### Work order
Find every line below that contains the word "assumes" and copy it out.

### Dataset entries
──────────────────────────────

lemma seq_content_eqI:
  assumes f: "\<And>i. f i \<in> carrier R" and g: "\<And>i. g i \<in> carrier R"
    and prods: "\<And>i j. f i \<otimes> g j \<in> seq_content R (cauchy_prod R f g)"
  shows "seq_content R (cauchy_prod R f g) = seq_content R f \<cdot> seq_content R g"
proof
  show "seq_content R f \<cdot> seq_content R g \<subseteq> seq_content R (cauchy_prod R f g)"
    unfolding seq_content_def[of R f] seq_content_def[of R g]
    by (rule genideal_prod_subset) (use f g prods seq_content_ideal cauchy_prod_closed in auto)
qed (rule seq_content_cauchy_prod_subset[OF f g])

lemma gaussian_seqD:
  "gaussian_seq R \<Longrightarrow> finite_coeffs R f n \<Longrightarrow> finite_coeffs R g m \<Longrightarrow>
    seq_content R (cauchy_prod R f g) = seq_content R f \<cdot> seq_content R g"
  unfolding gaussian_seq_def by blast

lemma gaussian_seqI:
  assumes "\<And>f g n m i j. finite_coeffs R f n \<Longrightarrow> finite_coeffs R g m \<Longrightarrow>
      f i \<otimes> g j \<in> seq_content R (cauchy_prod R f g)"
  shows "gaussian_seq R"
  unfolding gaussian_seq_def
proof (intro allI impI)
  fix f g n m assume "finite_coeffs R f n" "finite_coeffs R g m"
  then show "seq_content R (cauchy_prod R f g) = seq_content R f \<cdot> seq_content R g"
    by (intro seq_content_eqI assms) (auto simp: finite_coeffs_def)
qed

──────────────────────────────

### Exercise solution
  assumes f: "\<And>i. f i \<in> carrier R" and g: "\<And>i. g i \<in> carrier R"
  assumes "\<And>f g n m i j. finite_coeffs R f n \<Longrightarrow> finite_coeffs R g m \<Longrightarrow>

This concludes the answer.